● **WHAT YOU ARE ASKED TO DO**: Each line of the listing that includes the string "complex" needs to be located and copied.

==== INPUT MATERIAL ====

(* Assume the Setup below. For $n\ge1$ let $\Psi(n)=\Psi_{\theta_0}(n)$, $\dot\Psi(n)=\frac{d}{d\theta}\Psi_\theta(n)|_{\theta_0}$ and $$M^{(n)}=|\Psi(n)\rangle\langle\dot\Psi(n)|-|\dot\Psi(n)\rangle\langle\Psi(n)|$$ on $\mathcal H_0\otimes\mathcal H_1\otimes\cdots\otimes\mathcal H_n$. Let $1\le j\le n$ and let $e^{[1]},\dots,e^{[j-1]}\in\mathbb C^k$ be unit vectors with $|\langle e^{[l]}|\chi\rangle|^2=1/k$ for all $l$. Define $$M^{(n)}(\underline{j-1})=\big\langle e^{[1]}\otimes\cdots\otimes e^{[j-1]}\big|M^{(n)}\big|e^{[1]}\otimes\cdots\otimes e^{[j-1]}\big\rangle$$ (partial matrix element over $\mathcal H_1,\dots,\mathcal H_{j-1}$, an operator on $\mathcal H_0\otimes\mathcal H_j\otimes\cdots\otimes\mathcal H_n$) and $M^{(n)}_j(\underline{j-1})=\mathrm{Tr}_{0,j+1,\dots,n}M^{(n)}(\underline{j-1})$, an operator on $\mathcal H_j\cong\mathbb C^k$. Then $$M^{(n)}_j(\underline{j-1})=M^{(j)}_j(\underline{j-1}).$$ Consequently, in the sequential adaptive procedure in which the basis $\{e^{[j]}_i\}_{i=1}^k$ of unit $j$ is chosen (given the previously chosen bases and outcomes $i_1,\dots,i_{j-1}$, with $e^{[l]}=e^{[l]}_{i_l}$) to satisfy $\langle e^{[j]}_i|M^{(n)}_j(\underline{j-1})|e^{[j]}_i\rangle=0$ and $|\langle e^{[j]}_i|\chi\rangle|^2=1/k$ for all $i$, the constraints determining the bases of units $1,\dots,j$ are the same for every output length $n\ge j$, so these bases can be chosen independently of $n$.
   Context: Setup: Let $D,k\ge2$ be integers, $\mathcal H_0=\mathbb C^D$ (the system, e.g. system plus absorber) and $\mathcal H_1,\dots,\mathcal H_n$ copies of $\mathbb C^k$ (noise units). Let $\chi\in\mathbb C^k$ be a unit vector and $P_\chi=|\chi\rangle\langle\chi|$. Let $\theta\mapsto W_\theta$ be a smooth family of unitaries on $\mathbb C^D\otimes\mathbb C^k$, and let $W^{(j)}_\theta$ denote $W_\theta$ acting on $\mathcal H_0\otimes\mathcal H_j$ (identity on the other factors). Fix $\theta_0$ and write $W=W_{\theta_0}$, $\dot W=\frac{dW_\theta}{d\theta}|_{\theta_0}$. Assume there is a unit vector $\psi\in\mathbb C^D$ with $W(\psi\otimes\chi)=\psi\otimes\chi$ and $\langle\psi\otimes\chi|\dot W|\psi\otimes\chi\rangle=0$. Define $\Psi_\theta(n)=W^{(n)}_\theta\cdots W^{(1)}_\theta(\psi\otimes\chi^{\otimes n})\in\mathcal H_0\otimes\mathcal H_1\otimes\cdots\otimes\mathcal H_n$. $\mathrm{Tr}_{0,j+1,\dots,n}$ denotes partial trace over $\mathcal H_0,\mathcal H_{j+1},\dots,\mathcal H_n$. *)

theory Defs
  imports "HOL-Analysis.Analysis"
begin

text \<open>Basis of H_0 = C^D is indexed by a < D, basis of each noise unit C^k by i < k.
  A basis index of H_0 (x) H_1 (x) ... (x) H_n is a pair (a, xs) with a < D and xs a list of
  length n with entries < k; xs ! (j-1) is the index of the factor H_j.
  Vectors are functions nat \<times> nat list \<Rightarrow> complex, operators are kernels (matrices)
  indexed by two such basis indices.  A unitary on C^D (x) C^k is a matrix
  W :: (nat \<times> nat) \<Rightarrow> (nat \<times> nat) \<Rightarrow> complex, indices (system, unit).\<close>

definition cube :: "nat \<Rightarrow> nat \<Rightarrow> nat list set" where
  "cube k m = {xs. length xs = m \<and> set xs \<subseteq> {..<k}}"

definition pairs :: "nat \<Rightarrow> nat \<Rightarrow> (nat \<times> nat) set" where
  "pairs D k = {..<D} \<times> {..<k}"

definition unitary_mat :: "nat \<Rightarrow> nat \<Rightarrow> ((nat \<times> nat) \<Rightarrow> (nat \<times> nat) \<Rightarrow> complex) \<Rightarrow> bool" where
  "unitary_mat D k U \<longleftrightarrow>
     (\<forall>p\<in>pairs D k. \<forall>q\<in>pairs D k.
        (\<Sum>r\<in>pairs D k. cnj (U r p) * U r q) = (if p = q then 1 else 0)) \<and>
     (\<forall>p\<in>pairs D k. \<forall>q\<in>pairs D k.
        (\<Sum>r\<in>pairs D k. U p r * cnj (U q r)) = (if p = q then 1 else 0))"

definition vderiv :: "(real \<Rightarrow> complex) \<Rightarrow> real \<Rightarrow> complex" where
  "vderiv g = (\<lambda>t. vector_derivative g (at t))"

definition smooth_cfun :: "(real \<Rightarrow> complex) \<Rightarrow> bool" where
  "smooth_cfun f \<longleftrightarrow> (\<forall>m t. (vderiv ^^ m) f differentiable (at t))"

text \<open>W^{(j)}: W acting on H_0 (x) H_j (identity elsewhere), j \<ge> 1.\<close>
definition applyW :: "nat \<Rightarrow> nat \<Rightarrow> ((nat \<times> nat) \<Rightarrow> (nat \<times> nat) \<Rightarrow> complex) \<Rightarrow> nat
     \<Rightarrow> (nat \<times> nat list \<Rightarrow> complex) \<Rightarrow> (nat \<times> nat list \<Rightarrow> complex)" where
  "applyW D k U j v = (\<lambda>(a, xs).
     \<Sum>(b, c)\<in>pairs D k. U (a, xs ! (j - 1)) (b, c) * v (b, xs[j - 1 := c]))"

====

● **OUTPUT FOR THIS TASK**:
  Vectors are functions nat \<times> nat list \<Rightarrow> complex, operators are kernels (matrices)
  W :: (nat \<times> nat) \<Rightarrow> (nat \<times> nat) \<Rightarrow> complex, indices (system, unit).\<close>
definition unitary_mat :: "nat \<Rightarrow> nat \<Rightarrow> ((nat \<times> nat) \<Rightarrow> (nat \<times> nat) \<Rightarrow> complex) \<Rightarrow> bool" where
definition vderiv :: "(real \<Rightarrow> complex) \<Rightarrow> real \<Rightarrow> complex" where
definition smooth_cfun :: "(real \<Rightarrow> complex) \<Rightarrow> bool" where
definition applyW :: "nat \<Rightarrow> nat \<Rightarrow> ((nat \<times> nat) \<Rightarrow> (nat \<times> nat) \<Rightarrow> complex) \<Rightarrow> nat
     \<Rightarrow> (nat \<times> nat list \<Rightarrow> complex) \<Rightarrow> (nat \<times> nat list \<Rightarrow> complex)" where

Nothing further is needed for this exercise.